Another explanation I’ve heard from charters is that many of their African-Americans students leave to move down South. Now, new census data lend some credence to this theory.
A New York Times article today reports that the South’s black population has risen to its largest size in 50 years. Much of that growth comes from migrants leaving northern cities like New York and Chicago, and the people who are leaving tend to be of child-rearing age.
This change has huge implications, of course, and not just for the South. According to the Times article, the families who are leaving tend to be college-educated and middle-class. Does this mean that those left behind in Northern cities are less educated and poor? Possibly, and for inner-city charters in the North, and schools in general, this suggests a more difficult road ahead. Already, we’re seeing what such demographic changes have done to Detroit.
In the South, the biggest growth for blacks is happening in places where they were previously a small minority. At the same time, there has been a boom in the number of Hispanics, who are relative newcomers to the area. Out of the top 10 states with the fastest rates of Hispanic growth in the past decade, eight are in the South, according to a new analysis by the Pew Hispanic Center.

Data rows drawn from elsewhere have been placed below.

(* Let $p$ be any prime, and let $n$, $m$, $s$ and $r$ be nonnegative integers such that $n\ge m$, $s\ge 1$, $1\le r\le p^s-1$ and $r$ is not divisible by $p$. Then \[ \binom{np^s}{mp^s+r}\equiv (-1)^{r-1}\, r^{-1}\,(m+1)\binom{n}{m+1}\,p^s \pmod{p^{s+1}}, \] where $r^{-1}$ denotes any integer $r'$ with $rr'\equiv 1 \pmod p$ (the inverse of $r$ modulo $p$).
   Context: Binomial coefficients follow the convention $\binom{l}{t}=0$ if $l<t$ and $\binom{0}{0}=1$. Since the right-hand side carries the factor $p^s$, the congruence modulo $p^{s+1}$ does not depend on the choice of the integer representative of $r^{-1}$ modulo $p$. *)

theory Defs
  imports "HOL-Number_Theory.Number_Theory"
begin

end

theory Submission imports Defs begin

(* Put q = p^s and k = m q + r. As p does not divide k, q divides
   C(nq, k) = (nq / k) C(nq - 1, k - 1), and the cofactor e = C(nq, k) / q satisfies
   k e = n C(nq - 1, k - 1). Modulo p we have k = r, and Lucas' theorem in base q gives
   C(nq - 1, k - 1) = C(n - 1, m) C(q - 1, r - 1) = (-1)^(r-1) C(n - 1, m), because
   C(q - 1, j) = (-1)^j by Pascal's rule and p | C(q, j) for 0 < j < q. Hence
   e = (-1)^(r-1) r^(-1) (m + 1) C(n, m + 1) mod p, and multiplying by q lifts this
   to the stated congruence mod p^(s+1). *)

lemma prime_dvd_prime_power_choose:
  fixes p s i :: nat
  assumes p: "prime p" and i: "0 < i" "i < p ^ s"
  shows "p dvd (p ^ s choose i)"
proof (rule ccontr)
  assume "\<not> p dvd (p ^ s choose i)"
  then have "coprime (p ^ s) (p ^ s choose i)"
    using p by (simp add: prime_imp_coprime)
  moreover have "i * (p ^ s choose i) = p ^ s * (p ^ s - 1 choose (i - 1))"
    using times_binomial_minus1_eq i(1) by blast
  then have "p ^ s dvd i * (p ^ s choose i)" by simp
  ultimately have "p ^ s dvd i" using coprime_dvd_mult_left_iff by blast
  with i show False by (simp add: nat_dvd_not_less)
qed

lemma prime_power_add_choose_cong:
  fixes p s x t :: nat
  assumes p: "prime p"
  shows "[(p ^ s + x) choose t
          = (x choose t) + (if p ^ s \<le> t then x choose (t - p ^ s) else 0)] (mod p)"
proof -
  define q where "q = p ^ s"
  define f where "f i = (q choose i) * (x choose (t - i))" for i
  define g where "g i = (if i = 0 then f 0 else 0) + (if i = q then f q else 0)" for i
  have q0: "q \<noteq> 0" using p by (simp add: q_def prime_gt_0_nat)
  have "[f i = g i] (mod p)" for i
  proof (cases "i = 0 \<or> i = q")
    case False
    then have "p dvd f i"
      using prime_dvd_prime_power_choose[OF p, of i s]
      by (cases "i < q") (auto simp: f_def g_def q_def binomial_eq_0)
    then show ?thesis using False by (simp add: g_def cong_0_iff)
  qed (use q0 in \<open>auto simp: g_def\<close>)
  then have "[(\<Sum>i\<le>t. f i) = (\<Sum>i\<le>t. g i)] (mod p)" by (rule cong_sum)
  moreover have "(\<Sum>i\<le>t. f i) = (q + x) choose t"
    unfolding f_def by (rule vandermonde)
  moreover have "(\<Sum>i\<le>t. g i) = (x choose t) + (if q \<le> t then x choose (t - q) else 0)"
    by (simp add: g_def sum.distrib f_def)
  ultimately have "[(q + x) choose t = (x choose t) + (if q \<le> t then x choose (t - q) else 0)] (mod p)"
    by simp
  then show ?thesis by (simp only: q_def)
qed

lemma choose_mult_add_prime_power_cong:
  fixes p s a b k j :: nat
  assumes p: "prime p" and b: "b < p ^ s" and j: "j < p ^ s"
  shows "[(a * p ^ s + b) choose (k * p ^ s + j) = (a choose k) * (b choose j)] (mod p)"
proof (induction a arbitrary: k)
  case 0
  then show ?case using b by (cases k) (auto simp: binomial_eq_0)
next
  case (Suc a)
  note IH = Suc.IH
  have add_power: "[(Suc a * p ^ s + b) choose (k * p ^ s + j)
         = ((a * p ^ s + b) choose (k * p ^ s + j))
           + (if p ^ s \<le> k * p ^ s + j then (a * p ^ s + b) choose (k * p ^ s + j - p ^ s) else 0)]
        (mod p)"
    using prime_power_add_choose_cong[OF p, of s "a * p ^ s + b"] by (simp add: add.assoc)
  show ?case
  proof (cases k)
    case 0
    with add_power j have "[(Suc a * p ^ s + b) choose (k * p ^ s + j)
                       = (a * p ^ s + b) choose (0 * p ^ s + j)] (mod p)"
      by simp
    also note IH[of 0]
    finally show ?thesis using 0 by simp
  next
    case (Suc k')
    with add_power have "[(Suc a * p ^ s + b) choose (k * p ^ s + j)
                     = ((a * p ^ s + b) choose (k * p ^ s + j))
                       + ((a * p ^ s + b) choose (k' * p ^ s + j))] (mod p)"
      by simp
    also have "[((a * p ^ s + b) choose (k * p ^ s + j)) + ((a * p ^ s + b) choose (k' * p ^ s + j))
                = (a choose k) * (b choose j) + (a choose k') * (b choose j)] (mod p)"
      by (intro cong_add IH)
    finally show ?thesis using Suc by (simp add: algebra_simps)
  qed
qed

lemma prime_power_minus_one_choose_cong:
  fixes p s j :: nat
  assumes p: "prime p" and j: "j < p ^ s"
  shows "[int (p ^ s - 1 choose j) = (-1) ^ j] (mod int p)"
  using j
proof (induction j)
  case (Suc j)
  have "p dvd (p ^ s choose Suc j)"
    using prime_dvd_prime_power_choose[OF p, of "Suc j" s] Suc.prems by simp
  moreover have "p ^ s choose Suc j = (p ^ s - 1 choose j) + (p ^ s - 1 choose Suc j)"
  proof -
    have "p ^ s = Suc (p ^ s - 1)" using Suc.prems by simp
    then show ?thesis by (metis binomial_Suc_Suc)
  qed
  ultimately have "[int (p ^ s - 1 choose Suc j) = - int (p ^ s - 1 choose j)] (mod int p)"
    by (simp add: cong_iff_dvd_diff add.commute flip: of_nat_add)
  moreover have "[- int (p ^ s - 1 choose j) = - ((-1) ^ j)] (mod int p)"
    using Suc by (simp add: cong_minus_minus_iff)
  ultimately show ?case by (simp add: cong_trans)
qed simp

lemma choose_pred_mult_prime_power_cong:
  fixes p s n m j :: nat
  assumes p: "prime p" and n: "0 < n" and j: "0 < j" "j \<le> p ^ s"
  shows "[int ((n * p ^ s - 1) choose (m * p ^ s + j - 1))
          = (-1) ^ (j - 1) * int ((n - 1) choose m)] (mod int p)"
proof -
  have q: "0 < p ^ s" using p by (simp add: prime_gt_0_nat)
  obtain n' where n': "n = Suc n'" using n by (cases n) auto
  have "n * p ^ s - 1 = (n - 1) * p ^ s + (p ^ s - 1)"
    using q unfolding n' mult_Suc diff_Suc_1 by linarith
  moreover have "m * p ^ s + j - 1 = m * p ^ s + (j - 1)" using j by simp
  ultimately have "[(n * p ^ s - 1) choose (m * p ^ s + j - 1)
                    = ((n - 1) choose m) * ((p ^ s - 1) choose (j - 1))] (mod p)"
    using choose_mult_add_prime_power_cong[OF p, of "p ^ s - 1" s "j - 1" "n - 1" m] q j by simp
  then have "[int ((n * p ^ s - 1) choose (m * p ^ s + j - 1))
              = int ((n - 1) choose m) * int ((p ^ s - 1) choose (j - 1))] (mod int p)"
    by (simp flip: cong_int_iff)
  also have "[int ((n - 1) choose m) * int ((p ^ s - 1) choose (j - 1))
              = int ((n - 1) choose m) * (-1) ^ (j - 1)] (mod int p)"
    using prime_power_minus_one_choose_cong[OF p, of "j - 1" s] j by (intro cong_scalar_left) simp
  finally show ?thesis by (simp add: mult.commute)
qed

lemma coprime_choose_mult_cofactor:
  fixes q n k :: nat
  assumes "0 < q" "0 < k" "coprime q k"
  obtains e where "(n * q) choose k = q * e" and "k * e = n * ((n * q - 1) choose (k - 1))"
proof -
  have key: "k * ((n * q) choose k) = n * q * ((n * q - 1) choose (k - 1))"
    using times_binomial_minus1_eq[OF \<open>0 < k\<close>] .
  then have "q dvd k * ((n * q) choose k)" by simp
  with \<open>coprime q k\<close> have "q dvd (n * q) choose k"
    using coprime_dvd_mult_right_iff by blast
  then obtain e where e: "(n * q) choose k = q * e" ..
  with key \<open>0 < q\<close> have "k * e = n * ((n * q - 1) choose (k - 1))"
    by (simp add: algebra_simps)
  with e show thesis by (rule that)
qed

lemma choose_mult_prime_power_cofactor_cong:
  fixes p s n m r e :: nat and r' :: int
  assumes p: "prime p" and s: "1 \<le> s" and r: "0 < r" "r \<le> p ^ s"
    and inv: "[int r * r' = 1] (mod int p)"
    and e: "(m * p ^ s + r) * e = n * ((n * p ^ s - 1) choose (m * p ^ s + r - 1))"
  shows "[int e = (-1) ^ (r - 1) * r' * int (m + 1) * int (n choose (m + 1))] (mod int p)"
proof (cases "n = 0")
  case True
  with e r show ?thesis by simp
next
  case False
  have "[int (m * p ^ s + r) = int r] (mod int p)"
    using s by (simp add: cong_iff_dvd_diff dvd_power)
  then have "[r' * int (m * p ^ s + r) = 1] (mod int p)"
    using inv by (metis cong_scalar_left cong_trans mult.commute)
  then have "[r' * int (m * p ^ s + r) * int e = int e] (mod int p)"
    using cong_scalar_right by fastforce
  then have "[int e = r' * int n * int ((n * p ^ s - 1) choose (m * p ^ s + r - 1))] (mod int p)"
    using arg_cong[OF e, of int] by (simp add: cong_sym_eq mult.assoc)
  also have "[r' * int n * int ((n * p ^ s - 1) choose (m * p ^ s + r - 1))
              = r' * int n * ((-1) ^ (r - 1) * int ((n - 1) choose m))] (mod int p)"
    using choose_pred_mult_prime_power_cong[OF p _ r] False by (intro cong_scalar_left) simp
  also have "r' * int n * ((-1) ^ (r - 1) * int ((n - 1) choose m))
             = (-1) ^ (r - 1) * r' * int (n * ((n - 1) choose m))"
    by (simp only: of_nat_mult mult_ac)
  also have "n * ((n - 1) choose m) = (m + 1) * (n choose (m + 1))"
    using times_binomial_minus1_eq[of "m + 1" n] by simp
  finally show ?thesis by (simp only: of_nat_mult mult.assoc)
qed

theorem theorem1p1:
  fixes p n m s r :: nat and r' :: int
  assumes "prime p"
    and "m \<le> n"
    and "1 \<le> s"
    and "1 \<le> r" and "r \<le> p ^ s - 1"
    and "\<not> p dvd r"
    and "[int r * r' = 1] (mod int p)"
  shows "[int ((n * p ^ s) choose (m * p ^ s + r))
          = (-1) ^ (r - 1) * r' * int (m + 1) * int (n choose (m + 1)) * int p ^ s]
          (mod int p ^ (s + 1))"
proof -
  have "p dvd m * p ^ s"
    using assms(3) by (simp add: dvd_power)
  with assms(6) have "\<not> p dvd m * p ^ s + r"
    by (simp add: dvd_add_right_iff)
  then have coprime: "coprime (p ^ s) (m * p ^ s + r)"
    using assms(1) by (simp add: prime_imp_coprime)
  have "0 < p ^ s" "0 < m * p ^ s + r"
    using assms(1,4) by (simp_all add: prime_gt_0_nat)
  then obtain e where choose_eq: "(n * p ^ s) choose (m * p ^ s + r) = p ^ s * e"
    and cofactor: "(m * p ^ s + r) * e = n * ((n * p ^ s - 1) choose (m * p ^ s + r - 1))"
    by (rule coprime_choose_mult_cofactor[OF _ _ coprime])
  have "[int e = (-1) ^ (r - 1) * r' * int (m + 1) * int (n choose (m + 1))] (mod int p)"
    using assms(4,5)
    by (intro choose_mult_prime_power_cofactor_cong[OF assms(1,3) _ _ assms(7) cofactor]) simp_all
  then have "[int p ^ s * int e
              = int p ^ s * ((-1) ^ (r - 1) * r' * int (m + 1) * int (n choose (m + 1)))]
             (mod int p ^ s * int p)"
    by (rule cong_cmult_leftI)
  then show ?thesis by (simp add: choose_eq mult_ac)
qed

end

Will schools in the South become less segregated? (Already, they tend to be less segregated than schools in the rest of the nation.) Or will there be white flight in the places minorities choose to move? Depending on the reasons people are moving – to start new, better-paying jobs, to take jobs requiring fewer skills, or to move in with family because of unemployment – will Southern schools be contending with more affluence or more poverty, and how will they handle the changes?